Easy as harvesting red berries,
simple one skillet chicken alfredo pasta—
do not clean the pan,
the brown bits at the bottom add flavor to the sauce
just as snippets of life flash before the eyes,
seconds before blackness claims us
and we are led into a purgatory of sorts;
do I intimidate?
Does my skin sublime remind you of yesteryear’s lust
and unresolved feelings?

Poetic religion is not for everyone,
it crucifies nights and befuddles the day,
distracts,
torments and leaves the senses shredded—
like blue cheese and strawberry salad
beguiles
until one is left with no choice but to abandon all means
of rational thought and succumb;
does it appeal to you?

I gaze toward the ashen clouds contemplating life
that’s been left behind,
an orchestra of lovers and foes plays on the nightstand,
yet with one eye half-open
I look on as if waiting for events to alter themselves;
nobody can be fine all the time.
There is a kiss amidst these words, it’s for you
dear reader mine,
like a recurring dream
I keep coming back to life with the fume of a Poet’s sigh.

 

 

 

Photo credits: Truls Espedal, 1973 painting – Pinterest

Join me as I invite others to write Gothic poetry tonight
on dVerse, the last round of Poetics in 2020 💝

Posted for Poetics: Exploring Gothic as a Literary Genre @ dVerse Poets Pub

42 Replies to “Afterlife”

  1. Wow, Sanaa, you’ve set the bar extra high with this poem! I love the coquettish aside:
    ‘do I intimidate?
    Does my skin sublime remind you of yesteryear’s lust
    and unresolved feelings?’
    and the thought that ‘an orchestra of lovers and foes plays on the nightstand’. The final line is so amazing!

  2. “I gaze toward the ashen clouds contemplating life
    that’s been left behind,
    an orchestra of lovers and foes plays on the nightstand,”

    Oh my, that sounds sinister!

  3. Oh my gosh Sanaa! You are a difficult act to follow ☺️ Your poem read like a mystery novel and your use of words was spectacular. I particularly loved ‘an orchestra of lovers and foes plays on the nightstand’ Wonderful!

  4. How in the world could only you write a Gothic love letter to death, by Death, touching on many of the fears, thoughts and projections we all have as we approach the Great Transition? A fantastic ebon ride and read; this is atypical for you, and kudos for that.

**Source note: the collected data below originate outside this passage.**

(* Let $X$ be a finite abelian group. The quotient of $C(S_X^+)$ by the ideal generated by the relations $u_{ij}=u_{kl}$ for all $i,j,k,l\in X$ with $i-j=k-l$ is equal to $C(X)$; more precisely, this quotient is commutative, equal to $C(Y)$ for a subgroup $Y\subset S_X$ with $u_{ij}(\sigma)=\delta_{i\sigma(j)}$, and $Y$ is the group of translations $j\mapsto j+x$, $x\in X$, of $X$.
   Context: $C(S_X^+)$ is the universal $C^*$-algebra generated by the entries of a magic matrix $u=(u_{ij})_{i,j\in X}$ (entries are orthogonal projections, each row and column summing to $1$), with Hopf structure $\Delta(u_{ij})=\sum_ku_{ik}\otimes u_{kj}$, $\varepsilon(u_{ij})=\delta_{ij}$, $S(u_{ij})=u_{ji}$. Its commutative quotients of the form $C(Y)$, $Y\subset S_X$ a subgroup of the permutation group of $X$, correspond to $u_{ij}(\sigma)=\delta_{i\sigma(j)}$. *)

theory Defs
  imports "HOL-Combinatorics.Permutations" Complex_Main
begin

definition cstar_algebra ::
  "(complex \<Rightarrow> 'a::ring_1 \<Rightarrow> 'a) \<Rightarrow> ('a \<Rightarrow> 'a) \<Rightarrow> ('a \<Rightarrow> real) \<Rightarrow> bool" where
  "cstar_algebra scal star nrm \<longleftrightarrow>
     \<comment> \<open>complex vector space / algebra structure\<close>
     (\<forall>x. scal 1 x = x) \<and>
     (\<forall>a b x. scal (a * b) x = scal a (scal b x)) \<and>
     (\<forall>a b x. scal (a + b) x = scal a x + scal b x) \<and>
     (\<forall>a x y. scal a (x + y) = scal a x + scal a y) \<and>
     (\<forall>a x y. scal a (x * y) = scal a x * y) \<and>
     (\<forall>a x y. scal a (x * y) = x * scal a y) \<and>
     \<comment> \<open>involution\<close>
     (\<forall>x. star (star x) = x) \<and>
     (\<forall>x y. star (x + y) = star x + star y) \<and>
     (\<forall>x y. star (x * y) = star y * star x) \<and>
     (\<forall>a x. star (scal a x) = scal (cnj a) (star x)) \<and>
     \<comment> \<open>norm\<close>
     (\<forall>x. nrm x = 0 \<longleftrightarrow> x = 0) \<and>
     (\<forall>x y. nrm (x + y) \<le> nrm x + nrm y) \<and>
     (\<forall>a x. nrm (scal a x) = cmod a * nrm x) \<and>
     (\<forall>x y. nrm (x * y) \<le> nrm x * nrm y) \<and>
     \<comment> \<open>completeness\<close>
     (\<forall>f :: nat \<Rightarrow> 'a.
        (\<forall>e>0. \<exists>N. \<forall>m\<ge>N. \<forall>n\<ge>N. nrm (f m - f n) < e) \<longrightarrow>
        (\<exists>L. \<forall>e>0. \<exists>N. \<forall>n\<ge>N. nrm (f n - L) < e)) \<and>
     \<comment> \<open>C*-identity\<close>
     (\<forall>x. nrm (star x * x) = nrm x ^ 2)"

definition magic :: "('a::ring_1 \<Rightarrow> 'a) \<Rightarrow> ('x::finite \<Rightarrow> 'x \<Rightarrow> 'a) \<Rightarrow> bool" where
  "magic star u \<longleftrightarrow>
     (\<forall>i j. star (u i j) = u i j \<and> u i j * u i j = u i j) \<and>
     (\<forall>i. (\<Sum>j\<in>UNIV. u i j) = 1) \<and>
     (\<forall>j. (\<Sum>i\<in>UNIV. u i j) = 1)"

definition diff_rel :: "('x::ab_group_add \<Rightarrow> 'x \<Rightarrow> 'a) \<Rightarrow> bool" where
  "diff_rel u \<longleftrightarrow> (\<forall>i j k l. i - j = k - l \<longrightarrow> u i j = u k l)"

text \<open>The permutation matrix (evaluation of u at sigma): u_ij(sigma) = delta_{i, sigma j}.\<close>

definition perm_mat :: "('x \<Rightarrow> 'x) \<Rightarrow> 'x \<Rightarrow> 'x \<Rightarrow> complex" where
  "perm_mat \<sigma> i j = (if i = \<sigma> j then 1 else 0)"

end

theory Submission
  imports Defs
begin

  5. This is wonderful, Sanaa, I just love it:
    ‘Poetic religion is not for everyone,
    it crucifies nights and befuddles the day,
    distracts,
    torments and leaves the senses shredded’
    I will follow your quote with one from Paul Simon:
    ‘If that’s my prayerbook
    Lord let us pray’ 🙏

  6. This is like a recurring dream, or a nightmare of a purgatory. This reflection will stay with me:

    I look on as if waiting for events to alter themselves;
    nobody can be fine all the time.

    Thanks for hosting.

  7. It is not quite midnight, I am in bed, alone. The festive holiday lights have been extinguished by timers and the dark has settled in. But these blankets can’t keep out the chill this poem calls forth. I’ll hunker down and pray for that fume…

  8. The second stanza most definitely does appeal to me! Poetic religion in this stanza is defined brilliantly, it isn’t easy to be so aware of life and allow our emotions to be shredded in this awareness. The whole poem is one of my favorite’s from you! 👏💖

  9. The tone of this reminds me of a short story and I can’t for the life of me remember the title. It’s about slicing peaches and the peaches in question are the breasts of the villain’s lady love. Nasty and dark.